## Problem
Every line of the entries below that mentions "card" is to be copied out.

Start of Data

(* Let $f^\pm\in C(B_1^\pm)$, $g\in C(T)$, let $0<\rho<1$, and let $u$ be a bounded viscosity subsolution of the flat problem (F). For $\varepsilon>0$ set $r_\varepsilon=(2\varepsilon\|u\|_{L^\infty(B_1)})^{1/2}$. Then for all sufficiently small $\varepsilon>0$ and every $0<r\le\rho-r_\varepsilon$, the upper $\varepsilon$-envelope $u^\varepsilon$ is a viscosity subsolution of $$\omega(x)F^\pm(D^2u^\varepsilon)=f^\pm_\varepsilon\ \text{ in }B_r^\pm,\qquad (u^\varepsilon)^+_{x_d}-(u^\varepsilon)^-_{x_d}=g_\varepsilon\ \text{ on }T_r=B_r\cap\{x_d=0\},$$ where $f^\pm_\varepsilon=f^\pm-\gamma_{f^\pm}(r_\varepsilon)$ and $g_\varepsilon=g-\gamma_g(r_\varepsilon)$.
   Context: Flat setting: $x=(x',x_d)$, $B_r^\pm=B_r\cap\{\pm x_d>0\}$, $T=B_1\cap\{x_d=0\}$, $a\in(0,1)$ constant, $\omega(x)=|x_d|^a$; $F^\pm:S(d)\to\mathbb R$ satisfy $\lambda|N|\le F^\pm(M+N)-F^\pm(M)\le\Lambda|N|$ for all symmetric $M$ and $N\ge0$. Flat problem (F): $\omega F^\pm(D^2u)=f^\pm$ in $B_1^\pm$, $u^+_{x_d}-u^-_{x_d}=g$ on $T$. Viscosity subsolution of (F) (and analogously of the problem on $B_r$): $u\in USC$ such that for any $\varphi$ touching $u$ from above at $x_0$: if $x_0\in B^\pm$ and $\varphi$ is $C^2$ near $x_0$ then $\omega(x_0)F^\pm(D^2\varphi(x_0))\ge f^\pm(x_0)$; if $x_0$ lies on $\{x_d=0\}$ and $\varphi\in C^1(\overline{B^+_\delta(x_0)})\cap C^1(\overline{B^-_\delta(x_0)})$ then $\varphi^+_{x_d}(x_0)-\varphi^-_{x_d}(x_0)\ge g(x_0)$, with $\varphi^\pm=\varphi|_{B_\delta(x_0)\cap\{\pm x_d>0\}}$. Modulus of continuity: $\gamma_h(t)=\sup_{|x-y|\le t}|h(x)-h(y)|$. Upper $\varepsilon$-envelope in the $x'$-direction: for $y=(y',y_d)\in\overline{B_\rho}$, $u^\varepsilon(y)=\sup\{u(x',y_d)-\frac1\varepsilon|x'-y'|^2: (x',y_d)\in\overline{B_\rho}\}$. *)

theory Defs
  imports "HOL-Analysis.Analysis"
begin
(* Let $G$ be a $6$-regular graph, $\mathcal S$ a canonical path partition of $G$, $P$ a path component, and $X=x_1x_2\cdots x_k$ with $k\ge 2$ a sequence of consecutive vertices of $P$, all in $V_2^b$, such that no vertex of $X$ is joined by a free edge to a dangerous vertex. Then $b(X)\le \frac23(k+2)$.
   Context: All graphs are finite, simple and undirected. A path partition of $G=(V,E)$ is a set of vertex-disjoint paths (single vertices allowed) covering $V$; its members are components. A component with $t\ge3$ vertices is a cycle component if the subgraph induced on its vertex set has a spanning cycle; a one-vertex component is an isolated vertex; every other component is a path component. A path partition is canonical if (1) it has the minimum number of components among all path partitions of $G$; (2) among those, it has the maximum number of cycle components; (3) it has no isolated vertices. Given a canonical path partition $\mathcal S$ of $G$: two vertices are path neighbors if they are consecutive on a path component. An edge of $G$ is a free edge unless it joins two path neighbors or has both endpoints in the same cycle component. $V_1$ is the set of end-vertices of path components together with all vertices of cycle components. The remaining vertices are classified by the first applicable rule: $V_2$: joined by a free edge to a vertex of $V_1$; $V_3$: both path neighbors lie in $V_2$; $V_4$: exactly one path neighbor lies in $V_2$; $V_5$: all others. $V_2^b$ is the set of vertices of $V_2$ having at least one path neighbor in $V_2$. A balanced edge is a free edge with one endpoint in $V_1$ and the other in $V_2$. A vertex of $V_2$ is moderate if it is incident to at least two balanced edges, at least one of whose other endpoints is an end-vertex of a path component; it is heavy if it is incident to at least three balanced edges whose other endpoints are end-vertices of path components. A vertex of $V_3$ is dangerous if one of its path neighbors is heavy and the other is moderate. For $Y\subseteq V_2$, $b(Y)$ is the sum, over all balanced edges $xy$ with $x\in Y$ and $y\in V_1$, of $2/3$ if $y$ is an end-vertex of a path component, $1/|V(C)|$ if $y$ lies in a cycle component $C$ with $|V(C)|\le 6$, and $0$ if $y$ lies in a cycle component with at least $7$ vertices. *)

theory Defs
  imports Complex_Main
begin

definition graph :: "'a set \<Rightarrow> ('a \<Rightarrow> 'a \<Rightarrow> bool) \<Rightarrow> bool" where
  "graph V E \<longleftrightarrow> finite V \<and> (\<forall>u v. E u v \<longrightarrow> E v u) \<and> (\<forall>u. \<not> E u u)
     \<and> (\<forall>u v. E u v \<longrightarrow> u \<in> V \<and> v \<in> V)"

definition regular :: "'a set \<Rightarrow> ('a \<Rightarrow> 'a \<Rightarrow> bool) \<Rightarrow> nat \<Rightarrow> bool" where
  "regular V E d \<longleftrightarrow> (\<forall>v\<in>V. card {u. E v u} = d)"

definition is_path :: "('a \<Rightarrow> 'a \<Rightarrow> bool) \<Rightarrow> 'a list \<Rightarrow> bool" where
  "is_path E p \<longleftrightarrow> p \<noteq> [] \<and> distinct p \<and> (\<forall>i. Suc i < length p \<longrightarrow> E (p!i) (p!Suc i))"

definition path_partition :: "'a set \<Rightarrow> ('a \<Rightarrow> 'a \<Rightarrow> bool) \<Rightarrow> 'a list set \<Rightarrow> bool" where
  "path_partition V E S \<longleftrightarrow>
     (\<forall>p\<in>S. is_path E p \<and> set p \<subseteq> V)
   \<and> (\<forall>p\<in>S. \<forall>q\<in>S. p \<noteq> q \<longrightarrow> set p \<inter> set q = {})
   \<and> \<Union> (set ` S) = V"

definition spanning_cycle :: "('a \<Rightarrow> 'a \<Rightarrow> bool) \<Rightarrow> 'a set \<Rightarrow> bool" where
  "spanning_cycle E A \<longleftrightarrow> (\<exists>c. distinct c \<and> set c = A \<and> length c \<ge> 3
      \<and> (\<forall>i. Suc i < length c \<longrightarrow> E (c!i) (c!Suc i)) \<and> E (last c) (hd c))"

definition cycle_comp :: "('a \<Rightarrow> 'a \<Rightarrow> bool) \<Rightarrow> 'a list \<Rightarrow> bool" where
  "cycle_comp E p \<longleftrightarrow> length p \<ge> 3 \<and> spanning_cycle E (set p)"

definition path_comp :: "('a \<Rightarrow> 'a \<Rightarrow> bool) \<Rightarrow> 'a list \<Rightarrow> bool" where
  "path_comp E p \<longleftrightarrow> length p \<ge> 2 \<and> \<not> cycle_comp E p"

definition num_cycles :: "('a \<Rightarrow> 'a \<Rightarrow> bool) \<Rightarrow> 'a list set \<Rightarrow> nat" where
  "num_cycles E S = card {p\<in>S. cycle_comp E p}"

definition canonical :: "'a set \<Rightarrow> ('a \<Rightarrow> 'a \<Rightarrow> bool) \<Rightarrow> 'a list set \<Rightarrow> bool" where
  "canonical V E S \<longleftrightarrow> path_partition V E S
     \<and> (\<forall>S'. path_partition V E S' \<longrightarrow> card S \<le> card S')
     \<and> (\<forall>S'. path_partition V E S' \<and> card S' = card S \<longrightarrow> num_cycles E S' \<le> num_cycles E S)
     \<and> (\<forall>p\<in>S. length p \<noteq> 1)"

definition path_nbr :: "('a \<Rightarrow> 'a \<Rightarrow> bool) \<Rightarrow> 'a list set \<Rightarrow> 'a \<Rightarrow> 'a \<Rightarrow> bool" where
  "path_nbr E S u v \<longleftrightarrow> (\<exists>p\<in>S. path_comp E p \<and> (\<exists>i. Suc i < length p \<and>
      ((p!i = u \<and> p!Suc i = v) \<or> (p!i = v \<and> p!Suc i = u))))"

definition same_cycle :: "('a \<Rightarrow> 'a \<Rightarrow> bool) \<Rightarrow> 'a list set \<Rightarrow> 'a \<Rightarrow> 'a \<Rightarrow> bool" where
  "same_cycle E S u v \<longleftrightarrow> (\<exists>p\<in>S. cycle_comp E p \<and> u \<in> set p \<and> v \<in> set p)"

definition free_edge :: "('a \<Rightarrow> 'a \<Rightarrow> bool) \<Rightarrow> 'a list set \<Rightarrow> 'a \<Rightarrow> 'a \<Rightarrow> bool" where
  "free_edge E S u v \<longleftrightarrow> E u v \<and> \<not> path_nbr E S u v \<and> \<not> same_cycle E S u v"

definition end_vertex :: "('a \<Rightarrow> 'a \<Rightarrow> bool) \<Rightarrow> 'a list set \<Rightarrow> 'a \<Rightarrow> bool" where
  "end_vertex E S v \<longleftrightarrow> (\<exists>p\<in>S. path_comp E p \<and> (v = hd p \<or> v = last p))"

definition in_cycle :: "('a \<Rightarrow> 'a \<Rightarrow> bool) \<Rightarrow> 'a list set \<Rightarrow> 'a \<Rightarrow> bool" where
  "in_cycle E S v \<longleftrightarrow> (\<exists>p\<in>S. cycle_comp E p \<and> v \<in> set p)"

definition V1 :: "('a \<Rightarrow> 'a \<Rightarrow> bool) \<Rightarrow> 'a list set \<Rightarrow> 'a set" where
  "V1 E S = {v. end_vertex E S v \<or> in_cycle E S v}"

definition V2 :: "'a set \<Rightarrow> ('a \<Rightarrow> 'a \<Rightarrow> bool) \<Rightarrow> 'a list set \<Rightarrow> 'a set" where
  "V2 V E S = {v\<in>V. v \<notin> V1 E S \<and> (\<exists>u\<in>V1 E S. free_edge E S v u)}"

End of Data

## Your response
  "regular V E d \<longleftrightarrow> (\<forall>v\<in>V. card {u. E v u} = d)"
  "num_cycles E S = card {p\<in>S. cycle_comp E p}"
     \<and> (\<forall>S'. path_partition V E S' \<longrightarrow> card S \<le> card S')
     \<and> (\<forall>S'. path_partition V E S' \<and> card S' = card S \<longrightarrow> num_cycles E S' \<le> num_cycles E S)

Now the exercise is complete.